**What is needed:**
Search the data below for the string "ballI" and copy all lines where it shows up.

** Opening Extracted material block **

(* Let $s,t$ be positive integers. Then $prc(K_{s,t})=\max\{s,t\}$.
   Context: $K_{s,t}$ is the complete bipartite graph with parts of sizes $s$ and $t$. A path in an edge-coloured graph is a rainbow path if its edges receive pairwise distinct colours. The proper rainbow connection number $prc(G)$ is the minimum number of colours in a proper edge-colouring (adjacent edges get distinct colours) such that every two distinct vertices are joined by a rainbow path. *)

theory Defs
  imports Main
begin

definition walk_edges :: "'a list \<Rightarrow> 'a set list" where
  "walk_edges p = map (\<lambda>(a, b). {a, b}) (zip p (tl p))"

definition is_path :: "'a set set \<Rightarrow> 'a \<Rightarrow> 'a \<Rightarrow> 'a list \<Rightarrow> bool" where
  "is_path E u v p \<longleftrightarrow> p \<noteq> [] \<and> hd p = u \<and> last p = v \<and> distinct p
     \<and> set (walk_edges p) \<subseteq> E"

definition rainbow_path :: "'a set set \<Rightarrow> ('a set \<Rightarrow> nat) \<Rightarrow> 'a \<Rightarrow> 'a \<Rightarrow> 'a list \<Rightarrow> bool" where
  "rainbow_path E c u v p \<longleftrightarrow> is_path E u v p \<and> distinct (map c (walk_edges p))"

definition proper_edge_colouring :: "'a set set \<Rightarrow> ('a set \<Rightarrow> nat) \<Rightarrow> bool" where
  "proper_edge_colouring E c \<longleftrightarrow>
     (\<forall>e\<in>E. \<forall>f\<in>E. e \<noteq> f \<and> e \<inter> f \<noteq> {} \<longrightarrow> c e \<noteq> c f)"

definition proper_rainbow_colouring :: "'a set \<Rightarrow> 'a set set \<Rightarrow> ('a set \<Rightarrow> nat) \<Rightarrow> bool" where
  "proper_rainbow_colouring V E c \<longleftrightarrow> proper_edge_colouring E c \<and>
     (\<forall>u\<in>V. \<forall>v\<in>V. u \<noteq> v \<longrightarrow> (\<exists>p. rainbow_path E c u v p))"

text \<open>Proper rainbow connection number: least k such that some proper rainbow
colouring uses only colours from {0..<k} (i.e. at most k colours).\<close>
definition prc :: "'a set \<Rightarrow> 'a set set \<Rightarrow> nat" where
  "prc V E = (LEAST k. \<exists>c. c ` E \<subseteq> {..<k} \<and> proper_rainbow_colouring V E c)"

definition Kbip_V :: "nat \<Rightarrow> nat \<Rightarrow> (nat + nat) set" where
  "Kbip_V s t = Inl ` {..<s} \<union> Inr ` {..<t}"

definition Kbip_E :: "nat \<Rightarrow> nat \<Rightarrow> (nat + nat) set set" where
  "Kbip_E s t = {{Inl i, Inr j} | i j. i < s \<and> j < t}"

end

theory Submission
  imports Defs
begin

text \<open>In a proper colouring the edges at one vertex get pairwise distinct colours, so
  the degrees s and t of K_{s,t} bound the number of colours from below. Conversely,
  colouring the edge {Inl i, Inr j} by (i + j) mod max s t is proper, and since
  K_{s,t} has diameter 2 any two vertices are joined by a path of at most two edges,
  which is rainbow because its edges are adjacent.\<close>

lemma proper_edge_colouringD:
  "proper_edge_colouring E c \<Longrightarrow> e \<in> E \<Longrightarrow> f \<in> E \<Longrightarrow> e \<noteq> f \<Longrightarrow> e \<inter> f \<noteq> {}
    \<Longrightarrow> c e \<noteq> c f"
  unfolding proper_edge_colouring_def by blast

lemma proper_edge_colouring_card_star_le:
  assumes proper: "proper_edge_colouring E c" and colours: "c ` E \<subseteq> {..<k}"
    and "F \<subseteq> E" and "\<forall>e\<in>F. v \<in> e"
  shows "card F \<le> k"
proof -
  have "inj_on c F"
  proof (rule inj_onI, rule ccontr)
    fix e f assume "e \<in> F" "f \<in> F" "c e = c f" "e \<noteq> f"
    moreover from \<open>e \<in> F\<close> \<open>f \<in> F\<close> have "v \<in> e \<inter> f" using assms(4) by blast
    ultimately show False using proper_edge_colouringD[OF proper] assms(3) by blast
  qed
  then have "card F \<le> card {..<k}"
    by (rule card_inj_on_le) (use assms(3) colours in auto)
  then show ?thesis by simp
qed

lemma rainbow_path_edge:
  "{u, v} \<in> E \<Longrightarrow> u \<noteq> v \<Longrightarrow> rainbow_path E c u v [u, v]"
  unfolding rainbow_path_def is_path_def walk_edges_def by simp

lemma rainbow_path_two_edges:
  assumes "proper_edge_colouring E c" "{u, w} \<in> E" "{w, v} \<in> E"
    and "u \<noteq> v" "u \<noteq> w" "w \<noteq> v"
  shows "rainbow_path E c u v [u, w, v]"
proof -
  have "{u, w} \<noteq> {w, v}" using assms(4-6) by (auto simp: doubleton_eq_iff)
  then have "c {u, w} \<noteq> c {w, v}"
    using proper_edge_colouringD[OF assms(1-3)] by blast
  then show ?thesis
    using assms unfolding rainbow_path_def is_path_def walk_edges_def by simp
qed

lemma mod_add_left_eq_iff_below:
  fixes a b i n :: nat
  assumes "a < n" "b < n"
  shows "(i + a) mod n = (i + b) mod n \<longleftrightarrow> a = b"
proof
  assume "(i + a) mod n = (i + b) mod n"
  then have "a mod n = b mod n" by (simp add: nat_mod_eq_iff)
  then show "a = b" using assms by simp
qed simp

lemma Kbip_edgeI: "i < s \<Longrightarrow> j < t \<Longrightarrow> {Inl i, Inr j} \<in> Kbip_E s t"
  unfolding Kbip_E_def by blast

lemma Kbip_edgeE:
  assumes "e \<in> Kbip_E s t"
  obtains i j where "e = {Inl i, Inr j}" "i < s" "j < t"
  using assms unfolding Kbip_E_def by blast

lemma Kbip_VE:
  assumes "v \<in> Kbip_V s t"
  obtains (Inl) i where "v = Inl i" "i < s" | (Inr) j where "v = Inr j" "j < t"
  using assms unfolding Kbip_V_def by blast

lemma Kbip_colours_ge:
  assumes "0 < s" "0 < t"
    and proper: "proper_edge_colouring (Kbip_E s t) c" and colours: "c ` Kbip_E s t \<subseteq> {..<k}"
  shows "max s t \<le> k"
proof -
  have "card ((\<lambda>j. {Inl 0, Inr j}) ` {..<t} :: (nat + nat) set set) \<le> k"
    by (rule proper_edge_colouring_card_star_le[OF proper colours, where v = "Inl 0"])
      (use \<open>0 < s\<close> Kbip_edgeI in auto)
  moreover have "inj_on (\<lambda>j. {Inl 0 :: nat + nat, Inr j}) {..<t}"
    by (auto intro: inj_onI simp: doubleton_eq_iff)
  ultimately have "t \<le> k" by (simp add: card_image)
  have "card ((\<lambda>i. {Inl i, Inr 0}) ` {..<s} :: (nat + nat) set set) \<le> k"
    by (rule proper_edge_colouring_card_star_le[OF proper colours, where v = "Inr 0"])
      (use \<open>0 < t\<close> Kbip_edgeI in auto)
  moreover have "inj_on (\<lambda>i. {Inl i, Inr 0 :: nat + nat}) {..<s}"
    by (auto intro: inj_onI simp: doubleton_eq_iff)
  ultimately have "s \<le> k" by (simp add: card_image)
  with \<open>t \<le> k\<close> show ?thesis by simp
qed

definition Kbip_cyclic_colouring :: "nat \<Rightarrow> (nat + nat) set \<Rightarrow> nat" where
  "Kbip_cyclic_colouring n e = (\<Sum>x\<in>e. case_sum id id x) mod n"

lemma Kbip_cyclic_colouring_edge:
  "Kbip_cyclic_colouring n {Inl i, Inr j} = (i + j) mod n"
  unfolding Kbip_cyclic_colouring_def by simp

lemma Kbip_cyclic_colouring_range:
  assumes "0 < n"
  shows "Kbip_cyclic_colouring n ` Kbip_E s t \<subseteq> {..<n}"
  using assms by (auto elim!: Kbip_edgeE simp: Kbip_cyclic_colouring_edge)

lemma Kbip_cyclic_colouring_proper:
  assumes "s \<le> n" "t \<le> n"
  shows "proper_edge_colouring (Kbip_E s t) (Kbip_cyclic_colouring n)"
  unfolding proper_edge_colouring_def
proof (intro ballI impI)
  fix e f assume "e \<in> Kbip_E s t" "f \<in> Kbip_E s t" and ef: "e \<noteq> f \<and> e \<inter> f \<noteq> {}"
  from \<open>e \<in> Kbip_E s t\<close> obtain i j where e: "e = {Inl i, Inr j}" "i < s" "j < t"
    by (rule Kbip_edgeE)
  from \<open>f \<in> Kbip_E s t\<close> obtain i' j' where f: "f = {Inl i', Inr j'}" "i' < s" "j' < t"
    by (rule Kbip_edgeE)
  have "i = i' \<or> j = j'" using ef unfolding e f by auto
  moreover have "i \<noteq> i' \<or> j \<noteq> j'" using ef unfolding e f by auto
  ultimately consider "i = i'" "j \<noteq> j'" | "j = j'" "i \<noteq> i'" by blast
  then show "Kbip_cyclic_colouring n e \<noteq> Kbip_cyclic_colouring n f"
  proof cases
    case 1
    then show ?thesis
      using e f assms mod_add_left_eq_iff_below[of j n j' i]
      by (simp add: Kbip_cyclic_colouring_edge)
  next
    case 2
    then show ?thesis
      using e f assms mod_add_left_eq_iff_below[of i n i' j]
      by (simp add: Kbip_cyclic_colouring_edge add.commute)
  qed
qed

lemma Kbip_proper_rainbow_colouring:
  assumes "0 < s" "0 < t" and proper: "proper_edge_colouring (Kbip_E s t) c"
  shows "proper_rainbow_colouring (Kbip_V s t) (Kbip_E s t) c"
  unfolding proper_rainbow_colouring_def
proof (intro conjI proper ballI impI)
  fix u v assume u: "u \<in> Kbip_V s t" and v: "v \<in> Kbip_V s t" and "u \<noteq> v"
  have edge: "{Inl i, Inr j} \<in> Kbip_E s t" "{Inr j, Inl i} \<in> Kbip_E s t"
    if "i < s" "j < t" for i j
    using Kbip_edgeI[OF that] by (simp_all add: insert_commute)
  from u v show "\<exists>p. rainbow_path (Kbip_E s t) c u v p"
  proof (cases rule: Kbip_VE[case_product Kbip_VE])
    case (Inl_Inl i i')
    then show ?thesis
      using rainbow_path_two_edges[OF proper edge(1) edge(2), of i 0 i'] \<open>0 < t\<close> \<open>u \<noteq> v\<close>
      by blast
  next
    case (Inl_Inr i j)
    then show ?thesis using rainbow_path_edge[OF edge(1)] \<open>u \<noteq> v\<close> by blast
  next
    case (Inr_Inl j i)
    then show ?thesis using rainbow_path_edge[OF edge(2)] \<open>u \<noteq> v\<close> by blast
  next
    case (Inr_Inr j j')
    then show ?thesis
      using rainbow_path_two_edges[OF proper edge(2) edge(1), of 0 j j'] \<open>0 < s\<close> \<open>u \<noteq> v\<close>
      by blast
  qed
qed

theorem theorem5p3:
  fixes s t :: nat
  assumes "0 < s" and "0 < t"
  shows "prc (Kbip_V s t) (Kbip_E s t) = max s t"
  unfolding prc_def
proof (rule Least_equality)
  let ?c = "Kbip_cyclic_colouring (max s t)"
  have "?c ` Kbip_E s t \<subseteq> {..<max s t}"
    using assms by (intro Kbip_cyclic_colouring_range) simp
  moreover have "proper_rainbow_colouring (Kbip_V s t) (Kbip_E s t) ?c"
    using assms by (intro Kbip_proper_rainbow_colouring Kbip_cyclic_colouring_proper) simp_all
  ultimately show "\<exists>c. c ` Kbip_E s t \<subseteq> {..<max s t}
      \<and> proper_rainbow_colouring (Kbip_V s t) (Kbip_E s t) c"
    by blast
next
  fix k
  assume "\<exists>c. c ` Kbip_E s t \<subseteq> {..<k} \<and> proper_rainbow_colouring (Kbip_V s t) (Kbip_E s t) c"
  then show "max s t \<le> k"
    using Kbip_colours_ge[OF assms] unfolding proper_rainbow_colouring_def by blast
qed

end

** Closing Extracted material block **

**Result of this task:**
proof (intro ballI impI)
proof (intro conjI proper ballI impI)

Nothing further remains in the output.